Capricorn (Dec 22-Jan 19)
It's Memorial Day! Time to celebrate all the people who have sacrificed for the greater good. Something you would never do.
Aquarius (Jan 20-Feb 18)
You’ll finally get your Ancestry DNA results back this week. The results will show you’re 50% Irish and 50% not your father’s child.
Pisces (Feb 19-Mar 20)
Oh hey, some good news this week! Just kidding. It’s all bad!
Aries (Mar 21-Apr 19)
The Jehovah's Witnesses will take one look at you in your yard during their weekly rounds and decide you're a lost cause.
Taurus (Apr 20-May 20)

Not everyone can be as smart as you. Don't let the dumb-dumbs get you down. (Diedre, we don't know how to tell you this, but we think your daughter escaped from the office closet. We thought she was chained tight but apparently not tight enough. Please don't fire us!)
Gemini (May 21-Jun 20)
In an effort to be on-trend, you’ll part your hair in the middle and quickly get mistaken for a Hanson brother.
Cancer (Jun 21-Jul 22)
Congrats!
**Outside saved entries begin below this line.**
(* Let $\Sigma$ be a language consisting only of $0$-ary and unary predicate symbols, containing at least one unary predicate symbol, and let $\mathcal{T}_\Sigma$ be the family of all complete theories in $\Sigma$. If $\Sigma$ consists of $k\in\omega$ unary predicate symbols and $m\in\omega$ $0$-ary predicate symbols, then ${\rm RS}(\mathcal{T}_\Sigma)=2^k$ and ${\rm ds}(\mathcal{T}_\Sigma)=2^m$. If $\Sigma$ has infinitely many symbols, then ${\rm RS}(\mathcal{T}_\Sigma)=\infty$.
   Context: Theories are complete consistent first-order theories; structures have nonempty universes. For a family $\mathcal{T}$ of theories and a sentence $\varphi$ of its language, $\mathcal{T}_\varphi=\{T\in\mathcal{T}\mid\varphi\in T\}$. The rank ${\rm RS}$ of a family is defined as follows: ${\rm RS}(\emptyset)=-1$; ${\rm RS}(\mathcal{T})=0$ for finite nonempty $\mathcal{T}$; ${\rm RS}(\mathcal{T})\ge 1$ for infinite $\mathcal{T}$; for $\alpha=\beta+1$, ${\rm RS}(\mathcal{T})\ge\alpha$ iff there are pairwise inconsistent sentences $\varphi_n$, $n\in\omega$, of the language of $\mathcal{T}$ with ${\rm RS}(\mathcal{T}_{\varphi_n})\ge\beta$ for all $n$; for limit $\alpha$, ${\rm RS}(\mathcal{T})\ge\alpha$ iff ${\rm RS}(\mathcal{T})\ge\beta$ for all $\beta<\alpha$; ${\rm RS}(\mathcal{T})=\alpha$ iff ${\rm RS}(\mathcal{T})\ge\alpha$ and not ${\rm RS}(\mathcal{T})\ge\alpha+1$; ${\rm RS}(\mathcal{T})=\infty$ if ${\rm RS}(\mathcal{T})\ge\alpha$ for every ordinal $\alpha$. If ${\rm RS}(\mathcal{T})=\alpha$ is an ordinal $\ge0$, the degree ${\rm ds}(\mathcal{T})$ is the maximal number of pairwise inconsistent sentences $\varphi_i$ with ${\rm RS}(\mathcal{T}_{\varphi_i})=\alpha$. *)

theory Defs
  imports Main
begin

text \<open>A language Sigma is given by a set Z of 0-ary predicate symbols and a set U of
unary predicate symbols (both subsets of a symbol type 's).  Variables are natural numbers.\<close>

datatype 's fm =
    Prop 's
  | Pred 's nat
  | Eq nat nat
  | Neg "'s fm"
  | Conj "'s fm" "'s fm"
  | Ex nat "'s fm"

fun freevars :: "'s fm \<Rightarrow> nat set" where
  "freevars (Prop p) = {}"
| "freevars (Pred P x) = {x}"
| "freevars (Eq x y) = {x, y}"
| "freevars (Neg f) = freevars f"
| "freevars (Conj f g) = freevars f \<union> freevars g"
| "freevars (Ex x f) = freevars f - {x}"

fun in_lang :: "'s set \<Rightarrow> 's set \<Rightarrow> 's fm \<Rightarrow> bool" where
  "in_lang Z U (Prop p) = (p \<in> Z)"
| "in_lang Z U (Pred P x) = (P \<in> U)"
| "in_lang Z U (Eq x y) = True"
| "in_lang Z U (Neg f) = in_lang Z U f"
| "in_lang Z U (Conj f g) = (in_lang Z U f \<and> in_lang Z U g)"
| "in_lang Z U (Ex x f) = in_lang Z U f"
lemma block_representatives:
  assumes "finite {W. is_block F W}"
  obtains k :: nat and q where "\<And>i. i < k \<Longrightarrow> q i \<in> Q \<and> q i \<noteq> 0"
    and "\<And>p. p \<in> Q \<Longrightarrow> p \<noteq> 0 \<Longrightarrow> \<exists>i<k. same_addition p (q i)"
    and "\<And>i j. i < k \<Longrightarrow> j < k \<Longrightarrow> i \<noteq> j \<Longrightarrow> \<not> same_addition (q i) (q j)"
proof -
  have "block_of ` (Q - {0}) \<subseteq> {W. is_block F W}"
    using is_block_block_of by fastforce
  then have "finite (block_of ` (Q - {0}))"
    using assms by (rule finite_subset)
  then obtain Bs where Bs: "set Bs = block_of ` (Q - {0})" "distinct Bs"
    by (metis finite_distinct_list)
  define q where "q i = (SOME p. p \<in> Q - {0} \<and> block_of p = Bs ! i)" for i
  have q: "q i \<in> Q - {0} \<and> block_of (q i) = Bs ! i" if "i < length Bs" for i
  proof -
    have "\<exists>p. p \<in> Q - {0} \<and> block_of p = Bs ! i"
      using nth_mem[OF that] unfolding Bs(1) by blast
    then show ?thesis
      unfolding q_def by (rule someI_ex)
  qed
  show ?thesis
  proof (rule that)
    show "q i \<in> Q \<and> q i \<noteq> 0" if "i < length Bs" for i
      using q[OF that] by blast
    show "\<exists>i<length Bs. same_addition p (q i)" if "p \<in> Q" "p \<noteq> 0" for p
    proof -
      have "block_of p \<in> set Bs"
        using Bs(1) that by blast
      then obtain i where i: "i < length Bs" "Bs ! i = block_of p"
        by (auto simp: in_set_conv_nth)
      then have "p \<in> block_of (q i)"
        using q[OF i(1)] in_block_of_self that(1) by simp
      then show ?thesis
        using i(1) that by (auto simp: in_block_of_iff)
    qed
    show "\<not> same_addition (q i) (q j)" if "i < length Bs" "j < length Bs" "i \<noteq> j" for i j
    proof
      assume "same_addition (q i) (q j)"
      then have "Bs ! i = Bs ! j"
        using block_of_eq q[OF that(1)] q[OF that(2)] by simp
      then show False
        using Bs(2) that nth_eq_iff_index_eq by blast
    qed
  qed
qed

end

locale block_decomposition = comm_nvs F for F :: "('v::group_add \<Rightarrow> 'v) set" +
  fixes k :: nat and q :: "nat \<Rightarrow> 'v" and proj :: "nat \<Rightarrow> 'v \<Rightarrow> 'v"
  assumes rep_in_quasi_kernel: "i < k \<Longrightarrow> q i \<in> Q"
    and rep_cover: "p \<in> Q \<Longrightarrow> p \<noteq> 0 \<Longrightarrow> \<exists>i<k. same_addition p (q i)"
    and blockwise_scalar_proj: "i < k \<Longrightarrow> blockwise_scalar (proj i)"
    and proj_own_block: "i < k \<Longrightarrow> w \<in> block_of (q i) \<Longrightarrow> proj i w = w"
    and proj_other_block: "i < k \<Longrightarrow> j < k \<Longrightarrow> j \<noteq> i \<Longrightarrow> w \<in> block_of (q j) \<Longrightarrow> proj i w = 0"
begin

lemma proj_quasi_kernel:
  assumes "p \<in> Q" "p \<noteq> 0"
  obtains j where "j < k" "p \<in> block_of (q j)" "\<And>i. i < k \<Longrightarrow> proj i p = (if i = j then p else 0)"
proof -
  obtain j where j: "j < k" "same_addition p (q j)"
    using rep_cover[OF assms] by blast
  then have "p \<in> block_of (q j)"
    using assms by (simp add: in_block_of_iff)
  then show ?thesis
    using that j proj_own_block proj_other_block by simp
qed

lemma proj_in_block: "i < k \<Longrightarrow> proj i x \<in> block_of (q i)"
proof (induction x rule: quasi_kernel_induct)
  case zero
  then show ?case
    using blockwise_scalar_zero[OF blockwise_scalar_proj] by simp
next
  case (add x y)
  then show ?case
    using blockwise_scalar_add[OF blockwise_scalar_proj] add_in_block_of by simp
next
  case (minus x)
  then show ?case
    using blockwise_scalar_commute[OF blockwise_scalar_proj uminus_in_F] minus_in_block_of by simp
next
  case (quasi_kernel p)
  obtain j where "p \<in> block_of (q j)" "\<And>i. i < k \<Longrightarrow> proj i p = (if i = j then p else 0)"
    using proj_quasi_kernel[of p] quasi_kernel by blast
  then show ?case
    using quasi_kernel by (cases "i = j") auto
qed

lemma vsum_proj: "vsum.F (\<lambda>i. proj i x) {..<k} = x"
proof (induction x rule: quasi_kernel_induct)
  case zero
  then show ?case
    using blockwise_scalar_zero[OF blockwise_scalar_proj] by (simp add: vsum.neutral)
next
  case (add x y)
  then show ?case
    using blockwise_scalar_add[OF blockwise_scalar_proj] by (simp add: vsum.distrib)
next
  case (minus x)
  have "vsum.F (\<lambda>i. proj i (- x)) {..<k} = vsum.F (\<lambda>i. - proj i x) {..<k}"
    using blockwise_scalar_commute[OF blockwise_scalar_proj uminus_in_F] by (intro vsum.cong) auto
  also have "\<dots> = - vsum.F (\<lambda>i. proj i x) {..<k}"
    by (rule blockwise_scalar_vsum[OF blockwise_scalar_F[OF uminus_in_F], symmetric]) simp
  also have "\<dots> = - x"
    using minus by simp
  finally show ?case .
next
  case (quasi_kernel p)
  then obtain j where "j < k" "\<And>i. i < k \<Longrightarrow> proj i p = (if i = j then p else 0)"
    using proj_quasi_kernel by blast
  then show ?case
    by (simp add: vsum.delta)
qed

lemma proj_vsum:
  assumes w: "\<And>j. j < k \<Longrightarrow> w j \<in> block_of (q j)" and i: "i < k"
  shows "proj i (vsum.F w {..<k}) = w i"
proof -
  have "proj i (vsum.F w {..<k}) = vsum.F (\<lambda>j. proj i (w j)) {..<k}"
    by (rule blockwise_scalar_vsum[OF blockwise_scalar_proj[OF i]]) simp
  also have "\<dots> = vsum.F (\<lambda>j. if j = i then w i else 0) {..<k}"
    using w i proj_own_block proj_other_block by (intro vsum.cong) auto
  finally show ?thesis
    using i by (simp add: vsum.delta)
qed

lemma eq_iff_proj_eq: "x = y \<longleftrightarrow> (\<forall>i<k. proj i x = proj i y)"
proof
  assume "\<forall>i<k. proj i x = proj i y"
  then have "vsum.F (\<lambda>i. proj i x) {..<k} = vsum.F (\<lambda>i. proj i y) {..<k}"
    by (intro vsum.cong) auto
  then show "x = y"
    by (simp only: vsum_proj)
qed simp

end

context comm_nvs
begin

lemma block_decomposition_exists:
  assumes "finite {W. is_block F W}"
  obtains k q proj where "block_decomposition F k q proj"
proof -
  obtain k :: nat and q where q: "\<And>i. i < k \<Longrightarrow> q i \<in> Q \<and> q i \<noteq> 0"
    and cover: "\<And>p. p \<in> Q \<Longrightarrow> p \<noteq> 0 \<Longrightarrow> \<exists>i<k. same_addition p (q i)"
    and distinct: "\<And>i j. i < k \<Longrightarrow> j < k \<Longrightarrow> i \<noteq> j \<Longrightarrow> \<not> same_addition (q i) (q j)"
    using block_representatives[OF assms] by blast
  have "\<exists>f. blockwise_scalar f \<and> (\<forall>w\<in>block_of (q i). f w = w) \<and>
      (\<forall>p\<in>q ` ({..<k} - {i}). \<forall>w\<in>block_of p. f w = 0)" if i: "i < k" for i
  proof (rule projection_exists)
    show "q ` ({..<k} - {i}) \<subseteq> Q - {0}" and "q i \<in> Q" and "q i \<noteq> 0"
      using q i by auto
    show "\<forall>p\<in>q ` ({..<k} - {i}). \<not> same_addition (q i) p"
      using distinct i by auto
  qed simp
  then obtain proj where proj: "\<And>i. i < k \<Longrightarrow> blockwise_scalar (proj i) \<and>
      (\<forall>w\<in>block_of (q i). proj i w = w) \<and> (\<forall>p\<in>q ` ({..<k} - {i}). \<forall>w\<in>block_of p. proj i w = 0)"
    by metis
  have "block_decomposition F k q proj"
    by unfold_locales (use q cover proj in auto)
  then show ?thesis ..
qed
Your friends will finally get blasted enough at the next hangout to not notice that you’re annoying af.
Leo (Jul 23-Aug 22)

Fun times at work! Your staple order arrives this week. It's the only thing that will keep you from offing yourself.
Virgo (Aug 23-Sept 22)
This week you finally find out that that Chinese character tattoo you got on your ankle when you were 19 is a racial slur.
Libra (Sept 23-Oct 22)
Three different people will say you look like the ugly girl in that TV show this week.
Scorpio (Oct 23-Nov 21)
You'll take a major step forward in your wellness journey this week by eating potato chips on the couch instead of on the bed.
Sagittarius (Nov 22-Dec 21)
How many pizzas can one person eat in a week?